In July 2015, Actavis plc announced that the company adopted Allergan plc (NYSE: AGN) as the company name following the approval by Actavis shareholders on June 5. The combination of the two companies created one of the world's top 10 pharmaceutical companies by revenue and a leader in a new industry model.

As of March 15, 2015, Valeant's stock crashed more than 50%. A number of factors contributed to the collapse of Valeant, many of which validate Pyott's approach to business. Since the acquisition attempt and the subsequent fallout, Pyott's sentiments regarding Valeant have been vindicated.

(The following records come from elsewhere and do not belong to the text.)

lemma osc_adelic_path_le:
  assumes rate: "\<And>p. prime p \<Longrightarrow> jump_rate b \<sigma> m p \<ge> 0" and "0 \<le> a"
    and m: "(1/2) ^ m \<le> lam" and lam: "lam > 0"
    and small: "\<And>p j. prime p \<Longrightarrow> a < jump_time b \<sigma> m (p, j) \<Longrightarrow> jump_time b \<sigma> m (p, j) < c
                  \<Longrightarrow> \<omega> (p, j) \<notin> big_jumps p m lam"
  shows "osc (adelic_path b \<sigma> m \<omega>) {a..<c} \<le> ereal (lam / 2)"
proof -
  let ?x = "adelic_path b \<sigma> m \<omega>"
  have ordered: "padic_abs p (?x p s - ?x p u) \<le> real p * lam / 2"
    if p: "prime p" and "s \<in> {a..<c}" "u \<in> {a..<c}" "u \<le> s" for p s u
    unfolding adelic_path_jump_rate
    using that \<open>0 \<le> a\<close> small[OF p]
    by (intro padic_abs_path_increment_le[OF p rate[OF p] _ _ m lam]) (auto simp: jump_time_def)
  have "padic_abs p (?x p s - ?x p u) / real p \<le> lam / 2"
    if p: "prime p" and "s \<in> {a..<c}" "u \<in> {a..<c}" for p s u
  proof -
    have "padic_abs p (?x p s - ?x p u) \<le> real p * lam / 2"
    proof (cases "u \<le> s")
      case False
      then show ?thesis
        using ordered[OF p that(3,2)] padic_abs_minus[OF p, of "?x p u - ?x p s"] by simp
    qed (use ordered[OF that] in simp)
    then show ?thesis using prime_gt_0_nat[OF p] by (simp add: divide_le_eq mult.commute)
  qed
  then show ?thesis
    unfolding osc_def by (intro SUP_least) auto
qed

definition big_jump_events ::
    "real \<Rightarrow> (nat \<Rightarrow> real) \<Rightarrow> nat \<Rightarrow> real \<Rightarrow> real \<Rightarrow> (nat \<times> nat \<Rightarrow> rat) \<Rightarrow> (nat \<times> nat) set" where
  "big_jump_events b \<sigma> m lam T \<omega> = {e. prime (fst e) \<and> \<omega> e \<in> big_jumps (fst e) m lam
      \<and> jump_rate b \<sigma> m (fst e) > 0 \<and> jump_time b \<sigma> m e < T}"

definition sparse_big_jumps ::
    "real \<Rightarrow> (nat \<Rightarrow> real) \<Rightarrow> nat \<Rightarrow> real \<Rightarrow> real \<Rightarrow> real \<Rightarrow> (nat \<times> nat \<Rightarrow> rat) \<Rightarrow> bool" where
  "sparse_big_jumps b \<sigma> m lam T \<delta> \<omega> \<longleftrightarrow>
     (\<forall>e\<in>big_jump_events b \<sigma> m lam T \<omega>. \<delta> < jump_time b \<sigma> m e) \<and>
     (\<forall>e\<in>big_jump_events b \<sigma> m lam T \<omega>. \<forall>e'\<in>big_jump_events b \<sigma> m lam T \<omega>.
        e \<noteq> e' \<longrightarrow> \<delta> < \<bar>jump_time b \<sigma> m e - jump_time b \<sigma> m e'\<bar>)"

Some have even gone as far to call Pyott a “hero” for saving Allergan and its shareholders and fighting for what he believes in.

== Honors and awards ==
Throughout his career, Pyott has collected a number of honors and awards for his philanthropic efforts and his leadership at Allergan.
- Director of the Year Award; recognizing corporate directors for their outstanding dedication to the highest ideals of leadership in the boardroom – 2001.
- The honor of Commander of the Most Excellent Order of the British Empire (CBE) by Her Majesty the Queen for his contribution to British business excellence and management skills in the United States – 2006.
- University of California Irvine; The Medal, UCI's most prestigious honor – 2010.
- Moacyr Gold Medal for services to Brazilian ophthalmology – 2010.
- London Business School; Fellow.
- UCLA Anderson School of Management; Executive Leader of the Year – 2012.
- U.S. Marine Corps; Semper Fidelis Award – 2013.
- Harvard Business Review; 4th best-performing CEO in the World – 2014.
- United Cerebral Palsy Gala; Corporate Impact Award – 2015.
- Chapman University; Citizen of the Year Award – 2015.
- University of Edinburgh; Honorary Degree in Medicine – 2016.
- California Life Sciences Association; Pantheon Award for Life Sciences Leadership - 2016
- Chapman University; Honorary Doctor of Pharmaceutical Science – 2018.